> Work item
For the material that follows, return exactly the lines from the one with "(p has_real_derivative" through the one with "theory Submission", both ends included.

★ ★ ★ ★ ★ ★ ★

(* Let $n\ge1$ be an integer, $b_a>0$, $b_v>0$, $c>0$, and consider the system on $[0,1]^2$ $$\dot p=p(1-p)\Big(\frac{b_a}{n+1}-q(b_v-c)\Big),\qquad \dot q=q(1-q)\Big(\frac{b_v}{n+1}\sum_{k=0}^n p^k-c\Big),$$ with initial condition $p(0),q(0)\in(0,1)$. (i) If $b_a>(b_v-c)(n+1)$, then $p(t)\to 1$ (the population converges to all glycolytic). (ii) If $b_a<(b_v-c)(n+1)$ and $b_v>c(n+1)$, then $q(t)\to1$ and $p(t)\to0$ (the population converges to all VEGF (over)producers).
   Context: This system is the replicator dynamics of the double goods game in factored form: $p$ is the proportion of glycolytic cells and $q$ the proportion of VEGF (over)producers among the aerobic cells; $b_a$ is the benefit per unit of acidification, $b_v$ the benefit per unit of vascularization, $c$ the cost of (over)producing VEGF, and $n$ the number of interaction partners. *)

theory Defs
  imports Complex_Main
begin

definition double_goods_solution ::
  "nat \<Rightarrow> real \<Rightarrow> real \<Rightarrow> real \<Rightarrow> (real \<Rightarrow> real) \<Rightarrow> (real \<Rightarrow> real) \<Rightarrow> bool" where
  "double_goods_solution n ba bv c p q \<longleftrightarrow>
     (\<forall>t\<ge>0.
        (p has_real_derivative
            (p t * (1 - p t) * (ba / (real n + 1) - q t * (bv - c)))) (at t within {0..}) \<and>
        (q has_real_derivative
            (q t * (1 - q t) * (bv / (real n + 1) * (\<Sum>k=0..n. p t ^ k) - c))) (at t within {0..}))"

end

theory Submission
  imports Defs "HOL-Analysis.Analysis" "HOL-Real_Asymp.Real_Asymp"
begin

text \<open>Both equations have the one-dimensional replicator form \<open>y' = y (1 - y) k(t)\<close>, where the
  advantage \<open>k\<close> of the focal strategy depends on the other variable.  Solutions of such an
  equation stay in \<open>(0,1)\<close>, and once \<open>k\<close> is bounded below by a positive constant, \<open>1 - y\<close> decays
  exponentially, so \<open>y \<rightarrow> 1\<close>.  Under (i) the advantage of glycolysis is at least
  \<open>min (b\<^sub>a/(n+1)) (b\<^sub>a/(n+1) - (b\<^sub>v - c)) > 0\<close> for every \<open>q \<in> [0,1]\<close>.  Under (ii) the
  advantage of VEGF production is at least \<open>b\<^sub>v/(n+1) - c > 0\<close> because the geometric sum is at
  least 1, so \<open>q \<rightarrow> 1\<close>; the advantage of glycolysis then tends to \<open>b\<^sub>a/(n+1) - (b\<^sub>v - c) < 0\<close>, and
  applying the same argument to \<open>1 - p\<close> gives \<open>p \<rightarrow> 0\<close>.\<close>

definition replicator_solution :: "(real \<Rightarrow> real) \<Rightarrow> (real \<Rightarrow> real) \<Rightarrow> bool" where
  "replicator_solution k y \<longleftrightarrow>
     (\<forall>t\<ge>0. (y has_real_derivative (y t * (1 - y t) * k t)) (at t within {0..}))"

lemma replicator_solutionD:
  assumes "replicator_solution k y" and "t \<ge> 0"
  shows "(y has_real_derivative (y t * (1 - y t) * k t)) (at t within {0..})"
  using assms unfolding replicator_solution_def by blast

lemma replicator_solution_continuous_on:
  assumes "replicator_solution k y"
  shows "continuous_on {0..} y"
  using assms unfolding replicator_solution_def by (auto intro: DERIV_continuous_on)

lemma replicator_solution_complement:
  assumes "replicator_solution k y"
  shows "replicator_solution (\<lambda>t. - k t) (\<lambda>t. 1 - y t)"
  unfolding replicator_solution_def
proof (intro allI impI)
  fix t :: real assume "t \<ge> 0"
  from DERIV_diff[OF DERIV_const replicator_solutionD[OF assms this], of 1]
  show "((\<lambda>t. 1 - y t) has_real_derivative (1 - y t) * (1 - (1 - y t)) * - k t)
      (at t within {0..})"
    by (simp add: algebra_simps)
qed

lemma antitone_from_nonpos_derivative:
  fixes f f' :: "real \<Rightarrow> real"
  assumes deriv: "\<And>t. t \<ge> 0 \<Longrightarrow> (f has_real_derivative f' t) (at t within {0..})"
    and nonpos: "\<And>t. a < t \<Longrightarrow> f' t \<le> 0" and "0 \<le> a" "a \<le> s" "s \<le> t"
  shows "f t \<le> f s"
proof (rule DERIV_nonpos_imp_decreasing_open[of s t f])
  fix x assume x: "s < x" "x < t"
  have "x > a" "x \<ge> 0"
    using x assms by auto
  moreover have "at x within {0..} = at x"
    using \<open>x > a\<close> \<open>0 \<le> a\<close> by (intro at_within_interior) auto
  ultimately have "DERIV f x :> f' x"
    using deriv[of x] by simp
  with nonpos[OF \<open>x > a\<close>] show "\<exists>y. DERIV f x :> y \<and> y \<le> 0"
    by blast
next
  have "continuous_on {0..} f"
    using deriv by (auto intro: DERIV_continuous_on)
  then show "continuous_on {s..t} f"
    by (rule continuous_on_subset) (use assms in auto)
qed fact

text \<open>The integrating factor \<open>exp (- \<integral>\<^sub>0\<^sup>t a)\<close> makes \<open>y\<close> a constant multiple of an exponential.\<close>

lemma linear_ode_positive:
  fixes y a :: "real \<Rightarrow> real"
  assumes deriv: "\<And>t. t \<ge> 0 \<Longrightarrow> (y has_real_derivative (a t * y t)) (at t within {0..})"
    and "continuous_on {0..} a" and "y 0 > 0" and "t \<ge> 0"
  shows "y t > 0"
proof -
  define A where "A s = integral {0..s} a" for s
  have "continuous_on {0..t} a"
    by (rule continuous_on_subset[OF assms(2)]) auto
  then have dA: "(A has_real_derivative a s) (at s within {0..t})" if "s \<in> {0..t}" for s
    unfolding A_def[abs_def] by (rule integral_has_real_derivative[OF _ that])
  have dy: "(y has_real_derivative (a s * y s)) (at s within {0..t})" if "s \<in> {0..t}" for s
    by (rule DERIV_subset[OF deriv]) (use that in auto)
  have "((\<lambda>s. y s * exp (- A s)) has_real_derivative 0) (at s within {0..t})" if "s \<in> {0..t}" for s
    by (rule derivative_eq_intros dy[OF that] dA[OF that] refl | simp)+
  then obtain C where C: "\<forall>s\<in>{0..t}. y s * exp (- A s) = C"
    using has_field_derivative_zero_constant[of "{0..t}" "\<lambda>s. y s * exp (- A s)"] by auto
  have "y t * exp (- A t) = y 0"
    using C[rule_format, of 0] C[rule_format, of t] \<open>t \<ge> 0\<close> by (simp add: A_def)
  then have "y t = y 0 * exp (A t)"
    by (simp add: exp_minus field_simps)
  with \<open>y 0 > 0\<close> show ?thesis by simp
qed

lemma replicator_solution_pos:
  assumes sol: "replicator_solution k y" and "continuous_on {0..} k"
    and "y 0 > 0" and "t \<ge> 0"
  shows "y t > 0"
proof (rule linear_ode_positive[where a = "\<lambda>t. (1 - y t) * k t" and y = y])
  show "(y has_real_derivative (1 - y s) * k s * y s) (at s within {0..})" if "s \<ge> 0" for s
    using replicator_solutionD[OF sol that] by (rule DERIV_cong) (simp add: algebra_simps)
  show "continuous_on {0..} (\<lambda>t. (1 - y t) * k t)"
    using assms(2) replicator_solution_continuous_on[OF sol] by (intro continuous_intros)
qed fact+

lemma replicator_solution_in_unit_interval:
  assumes sol: "replicator_solution k y" and "continuous_on {0..} k"
    and "0 < y 0" "y 0 < 1" and "t \<ge> 0"
  shows "0 < y t \<and> y t < 1"
proof -
  have "continuous_on {0..} (\<lambda>t. - k t)"
    using assms(2) by (intro continuous_intros)
  then have "1 - y t > 0"
    using replicator_solution_pos[OF replicator_solution_complement[OF sol]] assms(4,5) by simp
  with replicator_solution_pos[OF sol assms(2,3,5)] show ?thesis by simp
qed

text \<open>Once \<open>k \<ge> \<delta>\<close> from time \<open>T\<close> on, \<open>y\<close> is increasing there, so \<open>y (1 - y) k \<ge> \<delta> y(T) (1 - y)\<close>
  and \<open>1 - y\<close> decays at least at the exponential rate \<open>\<delta> y(T)\<close>.\<close>

lemma replicator_solution_tendsto_one:
  assumes sol: "replicator_solution k y" and "continuous_on {0..} k"
    and "0 < y 0" "y 0 < 1" and "\<delta> > 0" and "\<forall>\<^sub>F t in at_top. k t \<ge> \<delta>"
  shows "(y \<longlongrightarrow> 1) at_top"
proof -
  obtain T where T: "T \<ge> 0" and kT: "\<And>t. t \<ge> T \<Longrightarrow> k t \<ge> \<delta>"
    using assms(6) unfolding eventually_at_top_linorder
    by (metis max.cobounded1 max.cobounded2 order_trans)
  note deriv = replicator_solutionD[OF sol]
  have bounds: "0 < y t" "y t < 1" if "t \<ge> 0" for t
    using replicator_solution_in_unit_interval[OF sol assms(2-4) that] by auto
  have incr: "y T \<le> y t" if "t \<ge> T" for t
  proof -
    have "- y t \<le> - y T"
    proof (rule antitone_from_nonpos_derivative
        [where f = "\<lambda>t. - y t" and f' = "\<lambda>t. - (y t * (1 - y t) * k t)"])
      show "((\<lambda>t. - y t) has_real_derivative - (y t * (1 - y t) * k t)) (at t within {0..})"
        if "t \<ge> 0" for t
        by (rule DERIV_minus[OF deriv[OF that]])
      show "- (y t * (1 - y t) * k t) \<le> 0" if "T < t" for t
        using bounds[of t] kT[of t] that T \<open>\<delta> > 0\<close> by (auto intro!: mult_nonneg_nonneg)
    qed (use T that in auto)
    then show ?thesis by simp
  qed
  define e where "e = \<delta> * y T"
  have "e > 0"
    using \<open>\<delta> > 0\<close> bounds[OF T] by (simp add: e_def)
  have decay: "(1 - y t) * exp (e * t) \<le> (1 - y T) * exp (e * T)" if "t \<ge> T" for t
  proof (rule antitone_from_nonpos_derivative
      [where f = "\<lambda>t. (1 - y t) * exp (e * t)"
         and f' = "\<lambda>t. (1 - y t) * exp (e * t) * (e - y t * k t)"])
    show "((\<lambda>t. (1 - y t) * exp (e * t)) has_real_derivative
            (1 - y t) * exp (e * t) * (e - y t * k t)) (at t within {0..})" if "t \<ge> 0" for t
      by (rule derivative_eq_intros deriv[OF that] refl | simp add: algebra_simps)+
    show "(1 - y t) * exp (e * t) * (e - y t * k t) \<le> 0" if "T < t" for t
    proof -
      have "\<delta> * y T \<le> k t * y t"
        using kT[of t] incr[of t] that \<open>\<delta> > 0\<close> bounds[OF T] by (intro mult_mono) auto
      then have "e \<le> y t * k t"
        by (simp add: e_def mult.commute)
      moreover have "0 \<le> (1 - y t) * exp (e * t)"
        using bounds[of t] that T by simp
      ultimately show ?thesis by (simp add: mult_nonneg_nonpos)
    qed
  qed (use T that in auto)
  have "((\<lambda>t. (1 - y T) * exp (e * T) * exp (- (e * t))) \<longlongrightarrow> 0) at_top"
    using \<open>e > 0\<close> by real_asymp
  moreover have "\<forall>\<^sub>F t in at_top.
      0 \<le> 1 - y t \<and> 1 - y t \<le> (1 - y T) * exp (e * T) * exp (- (e * t))"
    using eventually_ge_at_top[of T]
  proof eventually_elim
    case (elim t)
    then show ?case
      using bounds[of t] decay[of t] T by (simp add: exp_minus field_simps)
  qed
  ultimately have "((\<lambda>t. 1 - y t) \<longlongrightarrow> 0) at_top"
    unfolding eventually_conj_iff by (elim conjE) (rule tendsto_sandwich[OF _ _ tendsto_const])
  then show ?thesis
    using tendsto_diff[OF tendsto_const, of "\<lambda>t. 1 - y t" 0 at_top 1] by simp
qed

★ ★ ★ ★ ★ ★ ★

> Exercise result
        (p has_real_derivative
            (p t * (1 - p t) * (ba / (real n + 1) - q t * (bv - c)))) (at t within {0..}) \<and>
        (q has_real_derivative
            (q t * (1 - q t) * (bv / (real n + 1) * (\<Sum>k=0..n. p t ^ k) - c))) (at t within {0..}))"

end

theory Submission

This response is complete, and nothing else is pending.